あのビルの中に、私たちの目的である統合通信管理機器がある筈だった。
「ど、どうするんですか? 何か、立ってますよ!?」
「えぇ、立っているよ。何せ、私たちは――侵入者になるんだからね!」
「ひぃ!」
ゲートは封鎖されている。
その前には銃で武装した警備兵が立っていた。
私はアクセルを緩める事無く、端末に表示されたボタンを押した。
すると、その瞬間に監理センターの照明全てが消える。
開けた場所に建てられた大きな施設だ。
アレが発するライトが消えてしまえば何も見えない。
私は頭に付けていた暗視ゴーグルを装着する。
その瞬間に、暗闇の中で慌てふためく警備兵がハッキリと視認出来た。
ハッキングなんて十代の頃以来で……ゾクゾクする!
照明が全て消えた事によって、警備兵が慌てているのが分かった。
私は車のヘッドライトを完全に消して、暗闇に紛れて車を運転する。
皆に小さな明かりであろうともつけないように指示した。
そうして、前に立っている男たちがゲートから離れたのを確認して。
私は強くアクセルペダルを踏んで、勢いのままに――ゲートを破壊した。
バラバラと音が鳴って、ゲートを粉砕する。
大事な愛車は大きく凹んで傷物になってしまった。
悲しいし辛いけど……気にしてられない!
すると、遅れて立て直した警備兵が此方に発砲してきた。
後方から火薬の爆ぜる音が聞こえてきて。
ちゅんちゅんと放たれた弾丸の数発が車の装甲を撫でていった。
後ろのガラスが破られて、金属の何かに弾が弾かれた音が聞こえた。
ライアンと修二君は頭を抑えながらぶるぶると震えて情けない悲鳴を出していた。
カーラはしっかりと自分の体を支えながら「喚くな!」と叫んでいた。
幸運な事に、照明のハッキングは何とか成功した。
そして、照明を落とした事によって彼らは私たちを視認できていない。
無線を食い止める事が出来なくても、見えない中で動くことは出来ない筈だ。
そのまま車を動かして、私は激しくハンドルを切って回転させる。
ドリフトのように曲がりながら、中心部に設置された噴水を避けて。
芝生を派手に荒らしながら、勢いのままに駆け抜けていく。
そうして、そのままビルの前へと車を横付けして、車を停止させた。
シートベルトをしていなかった後ろの二人は、カエルが潰れたような声を発して。
私とカーラのシートに顔を押し付けながら、ぴくぴくと手を痙攣させていた。
「さ、降りて! くれぐれも、あのヘルメットは外さないように」
「な、何があってもですか?」
「何があってもよ!」
説明している時間は無い。
私はヘルメットと必要な物が入ったカバンをライアンから受け取る。
暗視ゴーグルを皆も装着して起動させているのを確認して、私は聳え立つビルを見つめる。

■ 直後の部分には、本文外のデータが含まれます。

(* Let $d$ be a positive integer with $d\equiv 0\pmod 4$, put $d'=d/4$, let $k$ be a rational and $\varepsilon$ a positive real such that $$2\le k<2+\frac{1}{2d'-1}\qquad\text{and}\qquad \varepsilon\sum_{j=0}^{d'-2}(k-1)^{2j+2}+\varepsilon\cdot\frac{k-1+\varepsilon}{k+\varepsilon}\ \ge\ \frac{1}{k+\varepsilon}.$$ If $G$ is a fractionally $k$-colorable graph and $W\subseteq V(G)$ is a set of vertices at pairwise distance at least $d$, then every fractional $(k+\varepsilon)$-precoloring of $W$ extends to a fractional $(k+\varepsilon)$-coloring of $G$.
   Context: A fractional $m$-coloring of a graph (real $m>0$) assigns to each vertex a measurable subset of $[0,m)$ of Lebesgue measure one so that adjacent vertices receive disjoint sets; a graph is fractionally $k$-colorable if it has a fractional $k$-coloring. A fractional $m$-precoloring of a vertex set $W$ assigns measurable subsets of $[0,m)$ of measure one to the vertices of $W$; it extends if some fractional $m$-coloring of the whole graph agrees with it on $W$. Graphs are finite. *)

theory Defs
  imports "HOL-Analysis.Analysis"
begin

definition graph :: "'a set \<Rightarrow> ('a \<Rightarrow> 'a \<Rightarrow> bool) \<Rightarrow> bool" where
  "graph V E \<longleftrightarrow> finite V \<and> (\<forall>u v. E u v \<longrightarrow> u \<in> V \<and> v \<in> V)
     \<and> (\<forall>u v. E u v \<longrightarrow> E v u) \<and> (\<forall>u. \<not> E u u)"

definition unit_set :: "real \<Rightarrow> real set \<Rightarrow> bool" where
  "unit_set m S \<longleftrightarrow> S \<in> sets lebesgue \<and> S \<subseteq> {0..<m} \<and> emeasure lebesgue S = 1"

definition frac_coloring :: "'a set \<Rightarrow> ('a \<Rightarrow> 'a \<Rightarrow> bool) \<Rightarrow> real \<Rightarrow> ('a \<Rightarrow> real set) \<Rightarrow> bool" where
  "frac_coloring V E m c \<longleftrightarrow> (\<forall>v\<in>V. unit_set m (c v))
     \<and> (\<forall>u\<in>V. \<forall>v\<in>V. E u v \<longrightarrow> c u \<inter> c v = {})"

definition frac_colorable :: "'a set \<Rightarrow> ('a \<Rightarrow> 'a \<Rightarrow> bool) \<Rightarrow> real \<Rightarrow> bool" where
  "frac_colorable V E k \<longleftrightarrow> (\<exists>c. frac_coloring V E k c)"

definition frac_precoloring :: "'a set \<Rightarrow> real \<Rightarrow> ('a \<Rightarrow> real set) \<Rightarrow> bool" where
  "frac_precoloring W m c \<longleftrightarrow> (\<forall>w\<in>W. unit_set m (c w))"

definition precoloring_extends ::
  "'a set \<Rightarrow> ('a \<Rightarrow> 'a \<Rightarrow> bool) \<Rightarrow> real \<Rightarrow> 'a set \<Rightarrow> ('a \<Rightarrow> real set) \<Rightarrow> bool" where
  "precoloring_extends V E m W c \<longleftrightarrow> (\<exists>c'. frac_coloring V E m c' \<and> (\<forall>w\<in>W. c' w = c w))"

text \<open>Vertices at pairwise distance at least d: no walk of length < d joins two
distinct vertices of W (walks of length n are given by the n-th relation power).\<close>
definition pairwise_far :: "('a \<Rightarrow> 'a \<Rightarrow> bool) \<Rightarrow> 'a set \<Rightarrow> nat \<Rightarrow> bool" where
  "pairwise_far E W d \<longleftrightarrow> (\<forall>u\<in>W. \<forall>v\<in>W. u \<noteq> v \<longrightarrow> (\<forall>n<d. \<not> (E ^^ n) u v))"

end

theory Submission
  imports Defs
begin

text \<open>
  Let \<open>G\<close> be fractionally \<open>k\<close>-colourable, \<open>m = k + \<epsilon>\<close>, and let the vertices of \<open>W\<close>, precoloured by unit
  subsets of \<open>[0, m)\<close>, be at distance at least \<open>4 * D\<close>. Inside \<open>[0, m)\<close> we fix a region \<open>K\<close> of measure
  \<open>k\<close> meeting each precolour set in measure \<open>k / m\<close>. Around every \<open>w \<in> W\<close> we place \<open>2 * D\<close> disjoint strips
  in \<open>K\<close> (odd ones inside \<open>c w\<close>, even ones outside) and realise a fractional \<open>k\<close>-colouring \<open>\<psi>\<close> in \<open>K\<close>
  that meets every strip proportionally. A vertex at distance \<open>i < 2 * D\<close> from \<open>w\<close> receives the strips
  above \<open>i\<close> of parity opposite to \<open>i\<close>, its \<open>\<psi>\<close>-share of the strips below \<open>i\<close>, and on odd layers
  the spare room \<open>[0, m) - K\<close>; all other vertices receive \<open>\<psi>\<close>. Since \<open>k < 2 + 1 / (2 * D - 1)\<close> excludes
  short odd cycles, adjacent vertices lie on consecutive layers, which receive disjoint sets.
\<close>

subsection \<open>Measure toolkit\<close>

lemma lmeasurable_in_interval:
  fixes A :: "real set"
  shows "A \<in> sets lebesgue \<Longrightarrow> A \<subseteq> {a..<b} \<Longrightarrow> A \<in> lmeasurable"
  by (rule bounded_set_imp_lmeasurable[OF bounded_subset[OF bounded_Ico]])

text \<open>Intermediate values of Lebesgue measure: a bounded measurable set of reals contains measurable
  subsets of every smaller measure, since the measure of \<open>A \<inter> {..x}\<close> is 1-Lipschitz in \<open>x\<close>.\<close>
lemma measurable_subset_of_measure:
  fixes A :: "real set"
  assumes A: "A \<in> sets lebesgue" "bounded A" and t: "0 \<le> t" "t \<le> measure lebesgue A"
  shows "\<exists>B. B \<in> sets lebesgue \<and> B \<subseteq> A \<and> measure lebesgue B = t"
proof (cases "t = 0")
  case True
  then show ?thesis by (intro exI[of _ "{}"]) auto
next
  case False
  obtain a where a: "A \<subseteq> {-a..a}"
    using bounded_subset_cbox_symmetric[OF A(2)] by auto
  define f where "f x = measure lebesgue (A \<inter> {..x})" for x
  have lmeas: "A \<inter> S \<in> lmeasurable" if "S \<in> sets lebesgue" for S
    using A that by (intro bounded_set_imp_lmeasurable bounded_subset[OF A(2)]) auto
  have increment: "f y = f x + measure lebesgue (A \<inter> {x<..y})" if "x \<le> y" for x y
  proof -
    have split: "A \<inter> {..y} = (A \<inter> {..x}) \<union> (A \<inter> {x<..y})" using that by auto
    have "(A \<inter> {..x}) \<inter> (A \<inter> {x<..y}) = {}" by auto
    then show ?thesis
      unfolding f_def split using measure_Un3[OF lmeas[of "{..x}"] lmeas[of "{x<..y}"]] by (simp only: measure_empty) simp
  qed
  have lipschitz: "0 \<le> f y - f x \<and> f y - f x \<le> y - x" if "x \<le> y" for x y
  proof -
    have "measure lebesgue (A \<inter> {x<..y}) \<le> measure lebesgue {x<..y}"
      by (rule measure_mono_fmeasurable) (auto simp: A(1) bounded_set_imp_lmeasurable)
    then show ?thesis using increment[OF that] that by simp
  qed
  have "dist (f x) (f y) \<le> 1 * dist x y" for x y
    using lipschitz[of x y] lipschitz[of y x] by (cases "x \<le> y") (auto simp: dist_real_def)
  then have cont: "continuous_on {-a..a} f"
    by (intro lipschitz_on_continuous_on[of 1] lipschitz_onI) auto
  have "f (-a) \<le> measure lebesgue {-a..-a}"
    unfolding f_def using a
    by (intro measure_mono_fmeasurable) (auto simp: A(1) bounded_set_imp_lmeasurable)
  then have low: "f (-a) \<le> t" using t by simp
  have "A \<inter> {..a} = A" using a by auto
  then have high: "t \<le> f a" using t by (simp add: f_def)
  have "A \<noteq> {}"
  proof
    assume "A = {}"
    then show False using False t by simp
  qed
  then obtain x where "x \<in> {-a..a}" using a by blast
  then have "-a \<le> a" by simp
  from IVT'[of f "-a" t a, OF low high this cont] obtain x where "f x = t" by blast
  then show ?thesis using A(1) unfolding f_def by (intro exI[of _ "A \<inter> {..x}"]) auto
qed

扉はまだ封鎖されていない。例えロックが掛けられていても、解除するだけなら出来る筈だ。
リュックを背負いながら、皆と共にビルへと入ろうとした。
すると、修二君は待ったを掛けた。
カーラがどうしたのかと尋ねれば、彼は人差し指で倉庫がある方を指さしていた。
あの方向には、目的のものは存在しない。
精々が、此処の警備兵が使う武装類だけで……。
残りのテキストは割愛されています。